For vision-language model support:

yaml
openviking:
  config:
    vlm:
      api_key: "your-api-key-here"
      api_base: "https://ark.cn-beijing.volces.com/api/v3"
      model: "doubao-seed-2-0-pro-260215"

Storage

Default (emptyDir)

By default, the chart uses emptyDir volumes for data storage.

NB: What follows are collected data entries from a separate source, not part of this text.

lemma has_run_Suc:
  "has_run d (Suc k) w \<longleftrightarrow> has_run d k w \<or> (d \<le> Suc k \<and> (\<forall>i. Suc k - d < i \<and> i \<le> Suc k \<longrightarrow> w i))"
proof
  assume "has_run d (Suc k) w"
  then obtain s where s: "1 \<le> s" "s + d \<le> Suc k + 1" "\<forall>i\<in>{s..<s+d}. w i"
    unfolding has_run_def by auto
  show "has_run d k w \<or> (d \<le> Suc k \<and> (\<forall>i. Suc k - d < i \<and> i \<le> Suc k \<longrightarrow> w i))"
  proof (cases "s + d \<le> k + 1")
    case False
    then have "s + d = Suc k + 1" using s by simp
    then show ?thesis using s by auto
  qed (use s in \<open>auto simp: has_run_def\<close>)
next
  assume "has_run d k w \<or> (d \<le> Suc k \<and> (\<forall>i. Suc k - d < i \<and> i \<le> Suc k \<longrightarrow> w i))"
  then show "has_run d (Suc k) w"
  proof
    assume "has_run d k w" then show ?thesis unfolding has_run_def by force
  next
    assume "d \<le> Suc k \<and> (\<forall>i. Suc k - d < i \<and> i \<le> Suc k \<longrightarrow> w i)"
    then show ?thesis unfolding has_run_def by (intro exI[of _ "Suc k + 1 - d"]) auto
  qed
qed

lemma run_free_iff_not_has_run: "0 < d \<Longrightarrow> run_free d k w \<longleftrightarrow> \<not> has_run d k w"
proof (induction k)
  case 0 then show ?case by (auto simp: has_run_def)
next
  case (Suc k)
  have "(w (Suc k) \<and> d - 1 \<le> trailing_run k w) \<longleftrightarrow>
        (d \<le> Suc k \<and> (\<forall>i. Suc k - d < i \<and> i \<le> Suc k \<longrightarrow> w i))"
    unfolding le_trailing_run_iff using Suc.prems by (auto simp: le_Suc_eq)
  with Suc show ?case by (auto simp: has_run_Suc)
qed

lemma longest_run_less_iff_not_has_run: "longest_run n w < d \<longleftrightarrow> \<not> has_run d n w"
proof -
  let ?K = "{k. \<exists>s. 1 \<le> s \<and> s + k \<le> n + 1 \<and> (\<forall>i\<in>{s..<s+k}. w i)}"
  have "finite ?K" by (rule finite_subset[of _ "{..n}"]) auto
  moreover have "0 \<in> ?K" by (intro CollectI exI[of _ 1]) simp
  ultimately have "longest_run n w < d \<longleftrightarrow> (\<forall>k\<in>?K. k < d)"
    unfolding longest_run_def using Max_less_iff by blast
  also have "\<dots> \<longleftrightarrow> d \<notin> ?K"
  proof
    assume "d \<notin> ?K"
    show "\<forall>k\<in>?K. k < d"
    proof
      fix k assume "k \<in> ?K"
      then obtain s where s: "1 \<le> s" "s + k \<le> n + 1" "\<forall>i\<in>{s..<s+k}. w i" by blast
      show "k < d"
      proof (rule ccontr)
        assume "\<not> k < d"
        with s have "d \<in> ?K" by (intro CollectI exI[of _ s]) auto
        with \<open>d \<notin> ?K\<close> show False by blast
      qed
    qed
  qed blast
  finally show ?thesis by (simp add: has_run_def)
qed

section \<open>Counting run-free words\<close>

definition run_free_count :: "nat \<Rightarrow> nat \<Rightarrow> nat \<Rightarrow> real" where
  "run_free_count d k l = (\<Sum>w\<in>words k. of_bool (num_ones k w = l \<and> run_free d k w))"

definition state_count :: "nat \<Rightarrow> nat \<Rightarrow> nat \<Rightarrow> nat \<Rightarrow> real" where
  "state_count d k l j =
     (\<Sum>w\<in>words k. of_bool (num_ones k w = l \<and> run_free d k w \<and> trailing_run k w = j))"

lemma sum_words_num_ones: "(\<Sum>w\<in>words k. of_bool (num_ones k w = l)) = real (k choose l)"
proof (induction k arbitrary: l)
  case 0 then show ?case by (simp add: words_0 num_ones_0)
next
  case (Suc k)
  have "(\<Sum>w\<in>words (Suc k). of_bool (num_ones (Suc k) w = l)) =
     (\<Sum>w\<in>words k. of_bool (num_ones k w = l)) + (\<Sum>w\<in>words k. of_bool (num_ones k w + 1 = l))"
    unfolding sum_words_Suc
    by (auto intro!: sum.cong simp: num_ones_Suc words_not_Suc num_ones_upd_Suc)
  also have "\<dots> = real (Suc k choose l)"
    using Suc.IH by (cases l) simp_all
  finally show ?case .
qed

lemma state_count_0: "state_count d 0 l j = of_bool (l = 0 \<and> j = 0)"
  by (simp add: state_count_def words_0 num_ones_0)

lemma state_count_eq_0: "k < l \<Longrightarrow> state_count d k l j = 0"
  unfolding state_count_def using num_ones_le[of k] by (intro sum.neutral) (metis leD of_bool_eq(1))

lemma state_count_Suc_0: "state_count d (Suc k) l 0 = run_free_count d k l"
  unfolding state_count_def run_free_count_def sum_words_Suc
  by (auto intro!: sum.cong simp: num_ones_Suc words_not_Suc trailing_run_upd_Suc
      run_free_upd_Suc num_ones_upd_Suc)

lemma state_count_Suc_Suc:
  "state_count d (Suc k) l (Suc j) = (if Suc j < d \<and> 1 \<le> l then state_count d k (l - 1) j else 0)"
proof -
  have "state_count d (Suc k) l (Suc j) = (\<Sum>w\<in>words k.
      of_bool (num_ones k w + 1 = l \<and> run_free d k w \<and> Suc (trailing_run k w) < d \<and> trailing_run k w = j))"
    unfolding state_count_def sum_words_Suc
    by (auto intro!: sum.cong simp: num_ones_Suc words_not_Suc trailing_run_upd_Suc
        run_free_upd_Suc num_ones_upd_Suc)
  also have "\<dots> = (if Suc j < d \<and> 1 \<le> l then state_count d k (l - 1) j else 0)"
    unfolding state_count_def by (auto intro!: sum.cong sum.neutral)
  finally show ?thesis .
qed

lemma run_free_count_eq_sum_state_count:
  assumes "0 < d"
  shows "run_free_count d k l = (\<Sum>j\<le>min l (d - 1). state_count d k l j)"
proof -
  have "(\<Sum>j\<le>min l (d - 1). state_count d k l j) = (\<Sum>w\<in>words k. \<Sum>j\<le>min l (d - 1).
      if j = trailing_run k w then of_bool (num_ones k w = l \<and> run_free d k w) else 0)"
    unfolding state_count_def by (subst sum.swap) (auto intro!: sum.cong)
  also have "\<dots> = run_free_count d k l"
    unfolding run_free_count_def
  proof (rule sum.cong)
    fix w
    have "num_ones k w = l \<and> run_free d k w \<Longrightarrow> trailing_run k w \<le> min l (d - 1)"
      using trailing_run_less_if_run_free[OF assms, of k w] trailing_run_le_num_ones[of k w] by auto
    then show "(\<Sum>j\<le>min l (d - 1). if j = trailing_run k w then of_bool (num_ones k w = l \<and> run_free d k w) else 0)
       = of_bool (num_ones k w = l \<and> run_free d k w)"
      by (cases "num_ones k w = l \<and> run_free d k w") (simp_all add: sum.delta)
  qed simp
  finally show ?thesis by simp
qed

section \<open>The matrix product\<close>

text \<open>\<open>prefix_prob n m k l\<close> is the probability that a fixed 0/1-word of length \<open>k\<close> with \<open>l\<close>
  ones is the beginning of a uniformly random arrangement of \<open>m\<close> ones and \<open>n - m\<close> zeros.\<close>

definition prefix_prob :: "nat \<Rightarrow> nat \<Rightarrow> nat \<Rightarrow> nat \<Rightarrow> real" where
  "prefix_prob n m k l = falling_fact m l * falling_fact (n - m) (k - l) / falling_fact n k"

lemma prefix_prob_0: "prefix_prob n m 0 0 = 1"
  by (simp add: prefix_prob_def)

lemma prefix_prob_Suc_zero:
  assumes "l \<le> k" "k < n" "m \<le> n"
  shows "prefix_prob n m (Suc k) l = prefix_prob n m k l *
    ((real n - real m - real (Suc k) + real l + 1) / (real n - real (Suc k) + 1))"
proof -
  have "Suc k - l = Suc (k - l)" using assms by simp
  moreover have "falling_fact n k \<noteq> 0" "real n - real k \<noteq> 0"
    using assms by (simp_all add: falling_fact_nonzero)
  ultimately show ?thesis
    using assms by (simp add: prefix_prob_def falling_fact_Suc of_nat_diff field_simps)
qed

This is suitable for development and testing but data will be lost when pods are restarted.

Persistent Storage (Optional)

To enable persistent storage with PVC:

yaml
openviking:
  dataVolume:
    enabled: true
    usePVC: true
    size: 50Gi
    storageClassName: standard
    accessModes:
      - ReadWriteOnce

Security

API Key Authentication

Enable API key authentication to secure your OpenViking server:

yaml
openviking:
  config:
    server:
      api_key: "your-secure-api-key"
      cors_origins:
        - "https://your-domain.com"

Secrets Management

For production deployments, use Kubernetes secrets or external secret management:

bash
# Create secret from literal
kubectl create secret generic openviking-config \
  --from-literal=ov.conf='{"server":{"api_key":"secret"}}'

# Or mount existing secret
helm install openviking ./openviking \
  --set existingSecret=openviking-config

Autoscaling

Enable Horizontal Pod Autoscaler for production workloads:

yaml
autoscaling:
  enabled: true
  minReplicas: 2
  maxReplicas: 10
  targetCPUUtilizationPercentage: 80
  targetMemoryUtilizationPercentage: 80

Resource Limits

Default resource configuration:

yaml
resources:
  limits:
    cpu: 2000m
    memory: 4Gi
  requests:
    cpu: 500m
    memory: 1Gi

Adjust based on your workload requirements.

Usage Examples

Connect with CLI

bash
# Get the LoadBalancer IP
export OPENVIKING_IP=$(kubectl get svc openviking -o jsonpath='{.status.loadBalancer.ingress[0].ip}')

# Create CLI configuration
cat > ~/.openviking/ovcli.conf <<EOF
{
  "url": "http://$OPENVIKING_IP:1933",
  "api_key": null,
  "output": "table"
}
EOF

# Test connection
openviking health

Python Client

python
import openviking as ov

# Get service endpoint
# kubectl get svc openviking

client = ov.OpenViking(url="http://<load-balancer-ip>:1933", api_key="your-key")
client.initialize()

# Add a resource
client.add_resource(path="./document.pdf")
client.wait_processed()

# Search
results = client.find("your search query")
print(results)

client.close()

Troubleshooting

Pod fails to start

Check the pod logs:

bash
kubectl logs -l app.kubernetes.io/name=openviking

Health check fails

Verify the configuration:

bash
kubectl get secret openviking-config -o jsonpath='{.data.ov\.conf}' | base64 -d

LoadBalancer not getting IP

Wait for the cloud provider to provision the load balancer:

bash
kubectl get svc openviking -w

Check cloud provider-specific annotations in values.yaml.

Uninstallation

bash
helm uninstall openviking

To remove persistent data (if PVC was enabled):

bash
kubectl delete pvc openviking-data

Contributing

Contributions are welcome! Please see the OpenViking repository for contribution guidelines.

License

This Helm chart is licensed under the Apache License 2.0, matching the OpenViking project license.